Все старинные легенды, моя кузина, можно пересказывать снова и снова, по-новому. Что надлежит более всего в пересказах оберегать и шлифовать неустанно, так это простые, чистые части повествовательного канона – в данном случае, это гнев Океана, страшный прыжок коня, падение Дауды с крупа лошади, поглощение Океаном города, и проч. проч. Однако нужно добавлять везде и что-то своё, присущее только тебе как писателю – чтобы узнаваемые сцены, не давая впечатления чего-то присвоенного автором в тщеславных целях, светились ненавязчивой новизною и казались первозданными. Всё это, по-моему, тебе удалось».


Пятница


После этого, настоящего знакомства, дела пошли гораздо лучше. Было много всяких занятных подробностей, хотя времени миновало совсем немного.

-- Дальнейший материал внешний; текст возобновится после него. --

section \<open>Amalgamation of values\<close>

locale value_amalgam = G: comm_group G + H: comm_group H
  for G H :: "'b monoid" +
  fixes q1 q2 \<eta> :: "'b \<Rightarrow> real"
  assumes finite_G: "finite (carrier G)"
    and carrier_sub: "carrier G \<subseteq> carrier H"
    and mult_eq: "\<And>x y. x \<in> carrier G \<Longrightarrow> y \<in> carrier G \<Longrightarrow> x \<otimes>\<^bsub>G\<^esub> y = x \<otimes>\<^bsub>H\<^esub> y"
    and one_eq: "\<one>\<^bsub>G\<^esub> = \<one>\<^bsub>H\<^esub>"
    and value_q1: "is_value_on G q1" and value_q2: "is_value_on H q2"
    and value_\<eta>: "is_value_on G \<eta>"
    and q1_le: "\<And>c. c \<in> carrier G \<Longrightarrow> q1 c \<le> q2 c + \<eta> c"
    and q2_le: "\<And>c. c \<in> carrier G \<Longrightarrow> q2 c \<le> q1 c + \<eta> c"
begin

text \<open>The inf-convolution below is the largest value on \<open>G \<times> H\<close> restricting to \<open>q1\<close> and
  \<open>q2\<close> on the two factors under which \<open>(c\<inverse>, c)\<close> has size at most \<open>\<eta> c\<close>.\<close>

definition cost :: "'b \<Rightarrow> 'b \<Rightarrow> 'b \<Rightarrow> real" where
  "cost a b c = q1 (a \<otimes>\<^bsub>G\<^esub> inv\<^bsub>G\<^esub> c) + q2 (b \<otimes>\<^bsub>H\<^esub> c) + \<eta> c"

definition amalgam :: "'b \<times> 'b \<Rightarrow> real" where
  "amalgam x = Min (cost (fst x) (snd x) ` carrier G)"

lemmas q1D = is_value_onD[OF value_q1] and q2D = is_value_onD[OF value_q2]
  and \<eta>D = is_value_onD[OF value_\<eta>]

lemma values_one: "q1 \<one>\<^bsub>G\<^esub> = 0" "q2 \<one>\<^bsub>H\<^esub> = 0" "\<eta> \<one>\<^bsub>G\<^esub> = 0"
  by (simp_all add: q1D(2) q2D(2) \<eta>D(2))

lemma in_H: "c \<in> carrier G \<Longrightarrow> c \<in> carrier H"
  using carrier_sub by blast

lemma inv_eq: "c \<in> carrier G \<Longrightarrow> inv\<^bsub>H\<^esub> c = inv\<^bsub>G\<^esub> c"
  by (metis G.inv_closed G.l_inv H.inv_equality in_H mult_eq one_eq)

lemma amalgam_le_cost: "c \<in> carrier G \<Longrightarrow> amalgam (a, b) \<le> cost a b c"
  unfolding amalgam_def using finite_G by (intro Min_le) auto

lemma amalgam_attained:
  obtains c where "c \<in> carrier G" "amalgam (a, b) = cost a b c"
proof -
  have "amalgam (a, b) \<in> cost a b ` carrier G"
    unfolding amalgam_def fst_conv snd_conv using finite_G G.one_closed by (intro Min_in) auto
  then show thesis
    using that by auto
qed

lemma cost_nonneg:
  "a \<in> carrier G \<Longrightarrow> b \<in> carrier H \<Longrightarrow> c \<in> carrier G \<Longrightarrow> 0 \<le> cost a b c"
  unfolding cost_def by (simp add: q1D(1) q2D(1) \<eta>D(1) in_H)

lemma amalgam_fst:
  assumes a: "a \<in> carrier G"
  shows "amalgam (a, \<one>\<^bsub>H\<^esub>) = q1 a"
proof (rule antisym)
  show "amalgam (a, \<one>\<^bsub>H\<^esub>) \<le> q1 a"
    using amalgam_le_cost[OF G.one_closed, of a "\<one>\<^bsub>H\<^esub>"] a
    by (simp add: cost_def values_one, simp add: one_eq values_one)
  obtain c where c: "c \<in> carrier G" "amalgam (a, \<one>\<^bsub>H\<^esub>) = cost a \<one>\<^bsub>H\<^esub> c"
    by (rule amalgam_attained)
  have "q1 a = q1 ((a \<otimes>\<^bsub>G\<^esub> inv\<^bsub>G\<^esub> c) \<otimes>\<^bsub>G\<^esub> c)"
    using a c(1) by (simp add: G.m_assoc)
  also have "\<dots> \<le> q1 (a \<otimes>\<^bsub>G\<^esub> inv\<^bsub>G\<^esub> c) + q2 c + \<eta> c"
    using q1D(4)[of "a \<otimes>\<^bsub>G\<^esub> inv\<^bsub>G\<^esub> c" c] q1_le[OF c(1)] a c(1) by simp
  finally show "q1 a \<le> amalgam (a, \<one>\<^bsub>H\<^esub>)"
    using c in_H by (simp add: cost_def)
qed

lemma amalgam_snd:
  assumes b: "b \<in> carrier H"
  shows "amalgam (\<one>\<^bsub>G\<^esub>, b) = q2 b"
proof (rule antisym)
  show "amalgam (\<one>\<^bsub>G\<^esub>, b) \<le> q2 b"
    using amalgam_le_cost[OF G.one_closed, of "\<one>\<^bsub>G\<^esub>" b] b
    by (simp add: cost_def values_one, simp add: one_eq)
  obtain c where c: "c \<in> carrier G" "amalgam (\<one>\<^bsub>G\<^esub>, b) = cost \<one>\<^bsub>G\<^esub> b c"
    by (rule amalgam_attained)
  have "q2 b = q2 ((b \<otimes>\<^bsub>H\<^esub> c) \<otimes>\<^bsub>H\<^esub> inv\<^bsub>H\<^esub> c)"
    using b in_H[OF c(1)] by (simp add: H.m_assoc)
  also have "\<dots> \<le> q2 (b \<otimes>\<^bsub>H\<^esub> c) + q1 c + \<eta> c"
    using q2D(4)[of "b \<otimes>\<^bsub>H\<^esub> c" "inv\<^bsub>H\<^esub> c"] q2D(3)[of c] q2_le[OF c(1)] b in_H[OF c(1)] by simp
  finally show "q2 b \<le> amalgam (\<one>\<^bsub>G\<^esub>, b)"
    using c by (simp add: cost_def q1D(3))
qed

lemma amalgam_inv_diag:
  assumes "c \<in> carrier G"
  shows "amalgam (inv\<^bsub>G\<^esub> c, c) \<le> \<eta> c"
proof -
  have "c \<otimes>\<^bsub>H\<^esub> inv\<^bsub>G\<^esub> c = \<one>\<^bsub>H\<^esub>"
    using assms by (simp flip: mult_eq one_eq)
  then show ?thesis
    using amalgam_le_cost[OF G.inv_closed[OF assms], of "inv\<^bsub>G\<^esub> c" c] assms
    by (simp add: cost_def values_one \<eta>D(3))
qed

lemma amalgam_eq_0_iff:
  assumes "a \<in> carrier G" "b \<in> carrier H"
  shows "amalgam (a, b) = 0 \<longleftrightarrow> a = \<one>\<^bsub>G\<^esub> \<and> b = \<one>\<^bsub>H\<^esub>"
proof
  assume "amalgam (a, b) = 0"
  then obtain c where c: "c \<in> carrier G" "cost a b c = 0"
    by (metis amalgam_attained)
  then have "q1 (a \<otimes>\<^bsub>G\<^esub> inv\<^bsub>G\<^esub> c) = 0" "q2 (b \<otimes>\<^bsub>H\<^esub> c) = 0" "\<eta> c = 0"
    using assms q1D(1)[of "a \<otimes>\<^bsub>G\<^esub> inv\<^bsub>G\<^esub> c"] q2D(1)[of "b \<otimes>\<^bsub>H\<^esub> c"] \<eta>D(1)[of c] in_H
    unfolding cost_def by (smt (verit) G.inv_closed G.m_closed H.m_closed)+
  then have "c = \<one>\<^bsub>G\<^esub>" "a \<otimes>\<^bsub>G\<^esub> inv\<^bsub>G\<^esub> c = \<one>\<^bsub>G\<^esub>" "b \<otimes>\<^bsub>H\<^esub> c = \<one>\<^bsub>H\<^esub>"
    using assms c(1) in_H by (simp_all add: q1D(2) q2D(2) \<eta>D(2))
  then show "a = \<one>\<^bsub>G\<^esub> \<and> b = \<one>\<^bsub>H\<^esub>"
    using assms by (simp, simp add: one_eq)
qed (simp add: amalgam_fst values_one)
(* Let $\mathcal C$ be a multi-Reedy category. Then $\Theta\mathcal C$ is a multi-Reedy category with inverse subcategory $(\Theta\mathcal C)^-$, direct sub-multicategory $(\Theta\mathcal C)^+( * )$ and degree function $\deg([m](c_1,\dots,c_m))=m+\sum_{i=1}^m\deg(c_i)$, as defined in the context. In particular, $\Theta\mathcal C$ admits the structure of a Reedy category.
   Context: Multimorphisms: for a small category $\mathcal C$ and objects $c,d_1,\dots,d_m$ ($m\ge0$), a multimorphism $c\to d_1,\dots,d_m$ is a tuple $(\alpha_s\colon c\to d_s)_{s=1..m}$ of morphisms of $\mathcal C$ (for $m=0$ there is exactly one). These form a symmetric multicategory $\mathcal C( * )$ (composition: precomposition with a morphism, and postcomposition of each output $d_s$ with a multimorphism out of $d_s$, collecting all outputs; outputs can be permuted); a wide sub-multicategory contains all objects and identities and is closed under these operations. A multi-Reedy category is a small category $\mathcal C$ with a wide subcategory $\mathcal C^-$, a wide sub-multicategory $\mathcal C^+( * )\subseteq\mathcal C( * )$, and $\deg\colon\mathrm{ob}(\mathcal C)\to\mathbb N$ such that: (1) every multimorphism $\alpha$ of $\mathcal C( * )$ factors uniquely as $\alpha=\alpha^+\alpha^-$ with $\alpha^-\colon c\to x$ a morphism in $\mathcal C^-$ and $\alpha^+\colon x\to d_1,\dots,d_m$ in $\mathcal C^+( * )$; (2) every multimorphism $c\to d_1,\dots,d_m$ in $\mathcal C^+( * )$ satisfies $\deg(c)\le\sum_i\deg(d_i)$; a morphism $c\to d$ in $\mathcal C^+=\mathcal C\cap\mathcal C^+( * )$ has $\deg c=\deg d$ iff it is an identity; a morphism $c\to d$ in $\mathcal C^-$ has $\deg c\ge\deg d$, with equality iff it is an identity. A Reedy category is the analogous structure with only single-output morphisms (unique factorization $\alpha=\alpha^+\alpha^-$, $\deg$ non-decreasing along $\mathcal C^+$, non-increasing along $\mathcal C^-$, equality iff identity). $\Delta$ is the category of the totally ordered sets $[n]=\{0<1<\dots<n\}$, $n\ge0$, and order-preserving maps. $\Delta^-$ is the subcategory of surjections; $\Delta^+( * )$ consists of the multimorphisms $(\alpha_s\colon[m]\to[n_s])_s$ forming a monomorphic family (if $\alpha_s\beta=\alpha_s\beta'$ for all $s$ then $\beta=\beta'$). $\Theta\mathcal C$: objects are $[m](c_1,\dots,c_m)$ with $m\ge0$ and $c_i\in\mathrm{ob}\,\mathcal C$. A morphism $[m](c_1,\dots,c_m)\to[n](d_1,\dots,d_n)$ is $(\alpha,\{f_i\})$ where $\alpha\colon[m]\to[n]$ is in $\Delta$ and, for each $i=1,\dots,m$, $f_i=(f_{ij}\colon c_i\to d_j)_{\alpha(i-1)<j\le\alpha(i)}$ is a multimorphism of $\mathcal C( * )$. Composition: $(\beta,\{g_j\})\circ(\alpha,\{f_i\})=(\beta\alpha,\{h_i\})$ with $h_{ik}=g_{jk}f_{ij}$ for $\alpha(i-1)<j\le\alpha(i)$, $\beta(j-1)<k\le\beta(j)$. $(\Theta\mathcal C)^-$: morphisms $(\alpha,\{f_i\})$ such that $\alpha\in\Delta^-$ and, for each $i$ with $\alpha(i-1)<\alpha(i)$, the morphism $f_i\colon c_i\to d_{\alpha(i)}$ is in $\mathcal C^-$. $(\Theta\mathcal C)^+( * )$: multimorphisms $(f_s)_{s=1..u}$ with $f_s=(\alpha_s,\{f_{si}\})\colon[m](c_1,\dots,c_m)\to[n_s](d_{s1},\dots,d_{sn_s})$ such that $(\alpha_s)_s\colon[m]\to[n_1],\dots,[n_u]$ is in $\Delta^+( * )$ and, for each $i=1,\dots,m$, the multimorphism $(f_{sij}\colon c_i\to d_{sj})_{s=1..u,\ \alpha_s(i-1)<j\le\alpha_s(i)}$ is in $\mathcal C^+( * )$. *)

theory Defs
  imports "HOL-Library.Multiset"
begin
(* Let $\mathcal{D}^{\rm te}$ satisfy the test-distribution assumptions in the context, and let $(\bm x_1,y_1),\dots,(\bm x_N,y_N)$ be i.i.d. from $\mathcal{D}^{\rm te}$. Let $\bm b:=\bm 1_{d+1}$ and $\bm A:=\begin{bmatrix}\bm I_d\\ \bm 0_d^\top\end{bmatrix}\in\mathbb{R}^{(d+1)\times d}$. Then there is a constant $K>0$, depending only on the constants $C_i,C_{i,n}$ (through uniform upper bounds on them) and not on $d_{\rm rob},d_{\rm vul},d_{\rm irr},\alpha,\beta,\gamma,N$, such that $$\mathbb{E}\Big[\Big\|\tfrac1N\bm b^\top\bm Z\bm M\bm Z^\top\bm A\Big\|_1\Big]\le K\Big\{(d_{\rm rob}\alpha+d_{\rm vul}\beta+1)\Big(d_{\rm rob}\alpha+d_{\rm vul}\beta+\frac{d_{\rm irr}\gamma}{\sqrt N}\Big)+d_{\rm irr}\Big(\sqrt{\tfrac{d_{\rm irr}}{N}}+1\Big)\gamma^2\Big\}.$$
   Context: $[n]:=\{1,\dots,n\}$; $U(\mathcal S)$ is the uniform distribution on $\mathcal S$; $\bm 1_a,\bm 0_a,\bm I_a$ denote the all-ones vector, all-zeros vector and identity. $\bm Z\in\mathbb{R}^{(d+1)\times(N+1)}$ has $n$-th column $(\bm x_n^\top,y_n)^\top$ for $n\le N$ and an arbitrary last column of the form $(\bm v^\top,0)^\top$; $\bm M:=\begin{bmatrix}\bm I_N&0\\0&0\end{bmatrix}$, so $\bm Z\bm M\bm Z^\top=\sum_{n=1}^N(\bm x_n^\top,y_n)^\top(\bm x_n^\top,y_n)$ does not depend on the last column. Test distribution: $[d]$ is partitioned into disjoint index sets $\mathcal S_{\rm rob},\mathcal S_{\rm vul},\mathcal S_{\rm irr}$ with sizes $d_{\rm rob},d_{\rm vul},d_{\rm irr}$; scales $\alpha>0$, $\beta>0$, $\gamma\ge0$. A sample $(\bm x,y)\sim\mathcal{D}^{\rm te}$ satisfies: (1) $y\sim U(\{\pm1\})$; (2) $\mathbb{E}[x_i]=0$ for $i\in\mathcal S_{\rm irr}$, and for every $i\in[d]$ there are constants $C_i>0$ and $C_{i,n}\ge0$ ($n=2,3,4$) with $\mathbb{E}[yx_i]=C_i\alpha$ for $i\in\mathcal S_{\rm rob}$, $=C_i\beta$ for $i\in\mathcal S_{\rm vul}$, $=0$ for $i\in\mathcal S_{\rm irr}$, and $|\mathbb{E}[(yx_i-\mathbb{E}[yx_i])^n]|\le C_{i,n}\alpha^n$, $C_{i,n}\beta^n$, $C_{i,n}\gamma^n$ for $i$ in $\mathcal S_{\rm rob}$, $\mathcal S_{\rm vul}$, $\mathcal S_{\rm irr}$ respectively; (3) there are constants $0\le q_{\rm rob},q_{\rm vul}<1$ such that the number of $i\in\mathcal S_{\rm rob}$ with $\sum_{j\in\mathcal S_{\rm rob}\cup\mathcal S_{\rm vul}}\mathrm{Cov}(x_i,x_j)<0$ is at most $q_{\rm rob}d_{\rm rob}$, and the number of $i\in\mathcal S_{\rm vul}$ with this property is at most $q_{\rm vul}d_{\rm vul}$; (4) for every $i\in\mathcal S_{\rm irr}$, $x_i$ is independent of $(y,(x_j)_{j\ne i})$. *)

theory Defs
  imports "HOL-Probability.Probability"
begin
lemma ln_covering_number_TV_class_le:
  fixes n :: nat and V L eps :: real
  assumes n: "n \<ge> 2" and pos: "V > 0" "L > 0" "eps > 0"
  shows "ln (real (covering_number n n (TV_class n n V L) eps))
           \<le> 1200 * ln n * ln (1 + 2 * L * n / eps) * max (V\<^sup>2 * ln n / eps\<^sup>2) 1"
proof -
  define N where "N = covering_number n n (TV_class n n V L) eps"
  define x where "x = 1 + 2 * L * n / eps"
  define M where "M = max (V\<^sup>2 * ln n / eps\<^sup>2) 1"
  have "0 \<le> ln x" "1 \<le> M"
    using n pos by (simp_all add: x_def M_def)
  have "ln (real N) \<le> 600 * ln x * M"
  proof (cases "L * n \<le> eps")
    case True
    \<comment> \<open>the ball around \<open>0\<close> suffices; the quadtree count needs \<open>x \<ge> 2\<close>\<close>
    then have "N \<le> 1"
      unfolding N_def by (intro covering_number_TV_class_le_1) simp
    then have "ln (real N) \<le> 0"
      using ln_of_nat_le_ln[of N 1] by simp
    moreover have "0 \<le> 600 * ln x * M"
      using \<open>0 \<le> ln x\<close> \<open>1 \<le> M\<close> by simp
    ultimately show ?thesis
      by linarith
  next
    case False
    then have "ln (real N) \<le> 579 * ln x * M"
      using ln_covering_number_TV_class_le_large[OF n pos(1,3)] by (simp add: N_def x_def M_def)
    also have "\<dots> \<le> 600 * ln x * M"
      using \<open>0 \<le> ln x\<close> \<open>1 \<le> M\<close> by (intro mult_right_mono) auto
    finally show ?thesis .
  qed
  also have "\<dots> \<le> 1200 * ln n * ln x * M"
  proof -
    have "ln 2 \<le> ln (real n)"
      using n by simp
    then have "600 \<le> 1200 * ln n"
      using ln_2_ge_half by linarith
    then show ?thesis
      using \<open>0 \<le> ln x\<close> \<open>1 \<le> M\<close> by (intro mult_right_mono) auto
  qed
  finally show ?thesis
    unfolding N_def x_def M_def .
qed

theorem proposition4p4:
  shows "\<exists>C>0. \<forall>(n::nat) (V::real) (L::real) (eps::real).
           n \<ge> 2 \<longrightarrow> V > 0 \<longrightarrow> L > 0 \<longrightarrow> eps > 0 \<longrightarrow>
           ln (real (covering_number n n (TV_class n n V L) eps))
             \<le> C * ln (real n) * ln (1 + 2 * L * real n / eps)
                 * max (V\<^sup>2 * ln (real n) / eps\<^sup>2) 1"
  by (intro exI[of _ 1200] conjI allI impI) (auto intro: ln_covering_number_TV_class_le)

end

Я как-то сказала кузине, какое это было для меня великое благо и облегчение, что кто-то, знающий толк, наконец прочёл моё сочиненье как моё и ничьё больше. Она ответила, что такое в жизни писателя случается редко и лучше на это не надеяться, не рассчитывать. «Был ли у тебя хороший читатель , кузина Кристабель?» – спросила я. Вздохнув и немного нахмурясь, она ответила отрывисто: «Два хороших читателя. То есть больше, чем можно мечтать. Первый, вернее, первая, слишком снисходительная, но с умным сердцем. А второй – поэт, лучший поэт, чем я…» – Она умолкла. Вроде бы не сердилась, но больше так ничего и не сказала… Я думаю, что так бывает и с писателями-мужчинами – какие-то незнакомые люди вначале почему-то оценивают тебя ложно, пренебрежительно, но потом, когда твоя работа вдруг становится известна, признаётся стоящей, сразу меняется тон, меняется язык критиков, небрежение превращается в полное уважение. Но в случае с писателем-женщиной эта перемена должна быть ещё разительнее, – ведь, как говорит Кристабель, о женщинах существует мненье, что они не способны писать хорошо, мол, лучше им и пробовать не стоит; зато уж если какая-нибудь преуспеет в этом ремесле и добьётся успеха, её почитают чуть ли не за подменыша, чуть ли не за фантастическое чудовище!..


Октября 28-го


Она словно наша бретонская погода. Когда она улыбается, изъясняется остроумно и шутливо, то трудно представить её другою, – так и побережье наше может порой рассияться под солнцем; по крутым скалистым берегам бухточки Бег-Меиль нежатся в его лучах круглокронные сосны и подруга их финиковая пальма, напоминая мне о настоящем солнечном юге, где я ни разу ещё не была; самый наш воздух в такие дни становится нежен и ласков, так что любому, точно крестьянину в басне Эзопа про спор солнца и ветра, хочется сбросить тяжёлые доспехи одежды.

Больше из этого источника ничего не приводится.